▶ [What you should do] Copy out the listing below, keeping every character as is.

▶ [Material for this task]
lemma rep_cov_radius_eps_ge:
  assumes "q > 0" "\<epsilon> \<ge> 0" "\<delta> > 0" "n > 0" "1 / (\<delta>\<^sup>2 * real n) < 1 - \<epsilon>"
  shows "real n - real n / q - \<delta> * real n \<le> real (rep_cov_radius_eps q \<epsilon> n)"
proof (rule ccontr)
  let ?r = "rep_cov_radius_eps q \<epsilon> n"
  let ?B = "blocks n (full_shift q) \<inter> (\<Union>x\<in>blocks n (rep_system q). hball x ?r)"
  let ?T = "{w. \<exists>a\<in>{0..<q}. real n / card {0..<q} + \<delta> * real n \<le> count_list w a}"
  assume "\<not> ?thesis"
  then have r: "real ?r < real n - real n / q - \<delta> * real n"
    by simp
  have "?B \<subseteq> ?T"
  proof
    fix y assume "y \<in> ?B"
    then obtain a where y: "y \<in> words {0..<q} n" "a < q" "y \<in> hball (replicate n a) ?r"
      unfolding blocks_full_shift[OF assms(1)] blocks_rep_system by auto
    then have "n - count_list y a \<le> ?r"
      unfolding hball_def using hamming_replicate[of y a] by (simp add: words_def)
    then show "y \<in> ?T"
      using y(2) r by (auto intro!: bexI[of _ a])
  qed
  then have "measure_pmf.prob (unif_bernoulli_marginal q n) ?B
      \<le> measure_pmf.prob (pmf_of_set (words {0..<q} n)) ?T"
    unfolding unif_bernoulli_marginal_def words_def[symmetric]
    by (intro measure_pmf.finite_measure_mono) simp_all
  also have "\<dots> \<le> real n / (\<delta> * real n)\<^sup>2"
    using assms by (intro prob_exists_count_list_ge_deviation) auto
  also have "\<dots> = 1 / (\<delta>\<^sup>2 * real n)"
    by (simp add: power2_eq_square)
  also have "\<dots> < 1 - \<epsilon>"
    by (fact assms(5))
  also have "1 - \<epsilon> \<le> measure_pmf.prob (unif_bernoulli_marginal q n) ?B"
    using prob_cover_rep_cov_radius[OF assms(1)] assms(2)
    by (intro prob_cover_cov_radius_eps[where r = "rep_cov_radius q n"]) simp
  finally show False
    by simp
qed

lemma rep_cov_radius_ratio_tendsto:
  assumes "q > 0"
  shows "(\<lambda>n. real (rep_cov_radius q n) / real n) \<longlonglongrightarrow> 1 - 1 / real q"
proof (rule tendsto_sandwich[where f = "\<lambda>n. 1 - 1 / real q - 1 / real n" and h = "\<lambda>n. 1 - 1 / real q"])
  show "\<forall>\<^sub>F n in sequentially. 1 - 1 / real q - 1 / real n \<le> real (rep_cov_radius q n) / real n"
    using eventually_gt_at_top[of 0]
  proof eventually_elim
    case (elim n)
    have "(real n - real n / q - 1) / real n \<le> real (rep_cov_radius q n) / real n"
      using rep_cov_radius_ge[OF assms, of n] by (intro divide_right_mono) auto
    then show ?case
      using elim by (simp add: field_simps)
  qed
  show "\<forall>\<^sub>F n in sequentially. real (rep_cov_radius q n) / real n \<le> 1 - 1 / real q"
    using eventually_gt_at_top[of 0]
  proof eventually_elim
    case (elim n)
    then show ?case
      using rep_cov_radius_le[OF assms, of n] by (simp add: field_simps)
  qed
  show "(\<lambda>n. 1 - 1 / real q - 1 / real n) \<longlonglongrightarrow> 1 - 1 / real q"
    by (auto intro!: tendsto_eq_intros lim_const_over_n)
qed simp
(* Let $q\geq 3$ be an odd prime power and $m\geq 2$ an integer with $q^m\geq 25$. Then the third largest odd coset leader modulo $q^m-1$ is $$\delta_3=\begin{cases}(q-1)q^{m-1}-q^{\lceil\frac{2m-1}{3}\rceil}-q^{\lfloor\frac{m}{3}-1\rfloor}-1 & \text{if } 3\nmid(m+1),\\ (q-1)q^{m-1}-q^{\frac{2m-1}{3}}-q^{\frac{m+1}{3}}-1 & \text{if } 3\mid(m+1).\end{cases}$$ Moreover, $|C_{\delta_3}^{(q,q^m-1)}|=m$.
   Context: $C_i^{(q,N)}=\{i,iq,iq^2,\ldots\}\bmod N$ denotes the $q$-cyclotomic coset of $i$ modulo $N$; its smallest element is its coset leader. An odd coset leader modulo $N$ is a coset leader that is an odd integer. *)

theory Defs
  imports "HOL-Computational_Algebra.Primes"
begin

definition cyc_coset :: "nat \<Rightarrow> nat \<Rightarrow> nat \<Rightarrow> nat set" where
  "cyc_coset q N i = {(i * q ^ j) mod N | j. True}"

definition is_coset_leader :: "nat \<Rightarrow> nat \<Rightarrow> nat \<Rightarrow> bool" where
  "is_coset_leader q N i \<longleftrightarrow> i < N \<and> i = Min (cyc_coset q N i)"

definition odd_coset_leaders :: "nat \<Rightarrow> nat \<Rightarrow> nat set" where
  "odd_coset_leaders q N = {i. is_coset_leader q N i \<and> odd i}"

definition kth_largest :: "nat \<Rightarrow> nat set \<Rightarrow> nat" where
  "kth_largest k A = rev (sorted_list_of_set A) ! (k - 1)"

end

theory Submission
  imports Defs "HOL-Number_Theory.Cong" "HOL-Library.Product_Lexorder"
begin

(*
  Put N = q ^ m - 1. Since (N - y) * q ^ j = N - y * q ^ j modulo N, the number N - y is a coset
  leader iff y is the largest element of its coset, and for odd q the parities of N - y and y agree.
  So the third largest odd coset leader is N - y for the third smallest odd coset maximum y.
  Multiplication by q ^ j rotates the m base-q digits of y cyclically, hence no digit of a coset
  maximum exceeds its leading one; below 2 * q ^ (m - 1) a coset maximum is therefore a sum of
  distinct powers q ^ i over an exponent set A of odd size that contains m - 1 and is maximal among
  its cyclic rotations. Rotating two elements of A into the top two positions shows that their cyclic
  distance is at least m - 1 - p, where p is the second largest exponent. Below the claimed third
  value this leaves, besides {m - 1}, a single three-element set depending on m mod 3, and the claimed
  value itself is a coset maximum whose coset has m elements.
*)

section \<open>Sums of distinct powers\<close>

definition pow_sum :: "nat \<Rightarrow> nat set \<Rightarrow> nat" where
  "pow_sum q A = (\<Sum>i\<in>A. q ^ i)"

▶ [Reply]
lemma rep_cov_radius_eps_ge:
  assumes "q > 0" "\<epsilon> \<ge> 0" "\<delta> > 0" "n > 0" "1 / (\<delta>\<^sup>2 * real n) < 1 - \<epsilon>"
  shows "real n - real n / q - \<delta> * real n \<le> real (rep_cov_radius_eps q \<epsilon> n)"
proof (rule ccontr)
  let ?r = "rep_cov_radius_eps q \<epsilon> n"
  let ?B = "blocks n (full_shift q) \<inter> (\<Union>x\<in>blocks n (rep_system q). hball x ?r)"
  let ?T = "{w. \<exists>a\<in>{0..<q}. real n / card {0..<q} + \<delta> * real n \<le> count_list w a}"
  assume "\<not> ?thesis"
  then have r: "real ?r < real n - real n / q - \<delta> * real n"
    by simp
  have "?B \<subseteq> ?T"
  proof
    fix y assume "y \<in> ?B"
    then obtain a where y: "y \<in> words {0..<q} n" "a < q" "y \<in> hball (replicate n a) ?r"
      unfolding blocks_full_shift[OF assms(1)] blocks_rep_system by auto
    then have "n - count_list y a \<le> ?r"
      unfolding hball_def using hamming_replicate[of y a] by (simp add: words_def)
    then show "y \<in> ?T"
      using y(2) r by (auto intro!: bexI[of _ a])
  qed
  then have "measure_pmf.prob (unif_bernoulli_marginal q n) ?B
      \<le> measure_pmf.prob (pmf_of_set (words {0..<q} n)) ?T"
    unfolding unif_bernoulli_marginal_def words_def[symmetric]
    by (intro measure_pmf.finite_measure_mono) simp_all
  also have "\<dots> \<le> real n / (\<delta> * real n)\<^sup>2"
    using assms by (intro prob_exists_count_list_ge_deviation) auto
  also have "\<dots> = 1 / (\<delta>\<^sup>2 * real n)"
    by (simp add: power2_eq_square)
  also have "\<dots> < 1 - \<epsilon>"
    by (fact assms(5))
  also have "1 - \<epsilon> \<le> measure_pmf.prob (unif_bernoulli_marginal q n) ?B"
    using prob_cover_rep_cov_radius[OF assms(1)] assms(2)
    by (intro prob_cover_cov_radius_eps[where r = "rep_cov_radius q n"]) simp
  finally show False
    by simp
qed

lemma rep_cov_radius_ratio_tendsto:
  assumes "q > 0"
  shows "(\<lambda>n. real (rep_cov_radius q n) / real n) \<longlonglongrightarrow> 1 - 1 / real q"
proof (rule tendsto_sandwich[where f = "\<lambda>n. 1 - 1 / real q - 1 / real n" and h = "\<lambda>n. 1 - 1 / real q"])
  show "\<forall>\<^sub>F n in sequentially. 1 - 1 / real q - 1 / real n \<le> real (rep_cov_radius q n) / real n"
    using eventually_gt_at_top[of 0]
  proof eventually_elim
    case (elim n)
    have "(real n - real n / q - 1) / real n \<le> real (rep_cov_radius q n) / real n"
      using rep_cov_radius_ge[OF assms, of n] by (intro divide_right_mono) auto
    then show ?case
      using elim by (simp add: field_simps)
  qed
  show "\<forall>\<^sub>F n in sequentially. real (rep_cov_radius q n) / real n \<le> 1 - 1 / real q"
    using eventually_gt_at_top[of 0]
  proof eventually_elim
    case (elim n)
    then show ?case
      using rep_cov_radius_le[OF assms, of n] by (simp add: field_simps)
  qed
  show "(\<lambda>n. 1 - 1 / real q - 1 / real n) \<longlonglongrightarrow> 1 - 1 / real q"
    by (auto intro!: tendsto_eq_intros lim_const_over_n)
qed simp
(* Let $q\geq 3$ be an odd prime power and $m\geq 2$ an integer with $q^m\geq 25$. Then the third largest odd coset leader modulo $q^m-1$ is $$\delta_3=\begin{cases}(q-1)q^{m-1}-q^{\lceil\frac{2m-1}{3}\rceil}-q^{\lfloor\frac{m}{3}-1\rfloor}-1 & \text{if } 3\nmid(m+1),\\ (q-1)q^{m-1}-q^{\frac{2m-1}{3}}-q^{\frac{m+1}{3}}-1 & \text{if } 3\mid(m+1).\end{cases}$$ Moreover, $|C_{\delta_3}^{(q,q^m-1)}|=m$.
   Context: $C_i^{(q,N)}=\{i,iq,iq^2,\ldots\}\bmod N$ denotes the $q$-cyclotomic coset of $i$ modulo $N$; its smallest element is its coset leader. An odd coset leader modulo $N$ is a coset leader that is an odd integer. *)

theory Defs
  imports "HOL-Computational_Algebra.Primes"
begin

definition cyc_coset :: "nat \<Rightarrow> nat \<Rightarrow> nat \<Rightarrow> nat set" where
  "cyc_coset q N i = {(i * q ^ j) mod N | j. True}"

definition is_coset_leader :: "nat \<Rightarrow> nat \<Rightarrow> nat \<Rightarrow> bool" where
  "is_coset_leader q N i \<longleftrightarrow> i < N \<and> i = Min (cyc_coset q N i)"

definition odd_coset_leaders :: "nat \<Rightarrow> nat \<Rightarrow> nat set" where
  "odd_coset_leaders q N = {i. is_coset_leader q N i \<and> odd i}"

definition kth_largest :: "nat \<Rightarrow> nat set \<Rightarrow> nat" where
  "kth_largest k A = rev (sorted_list_of_set A) ! (k - 1)"

end

theory Submission
  imports Defs "HOL-Number_Theory.Cong" "HOL-Library.Product_Lexorder"
begin

(*
  Put N = q ^ m - 1. Since (N - y) * q ^ j = N - y * q ^ j modulo N, the number N - y is a coset
  leader iff y is the largest element of its coset, and for odd q the parities of N - y and y agree.
  So the third largest odd coset leader is N - y for the third smallest odd coset maximum y.
  Multiplication by q ^ j rotates the m base-q digits of y cyclically, hence no digit of a coset
  maximum exceeds its leading one; below 2 * q ^ (m - 1) a coset maximum is therefore a sum of
  distinct powers q ^ i over an exponent set A of odd size that contains m - 1 and is maximal among
  its cyclic rotations. Rotating two elements of A into the top two positions shows that their cyclic
  distance is at least m - 1 - p, where p is the second largest exponent. Below the claimed third
  value this leaves, besides {m - 1}, a single three-element set depending on m mod 3, and the claimed
  value itself is a coset maximum whose coset has m elements.
*)

section \<open>Sums of distinct powers\<close>

definition pow_sum :: "nat \<Rightarrow> nat set \<Rightarrow> nat" where
  "pow_sum q A = (\<Sum>i\<in>A. q ^ i)"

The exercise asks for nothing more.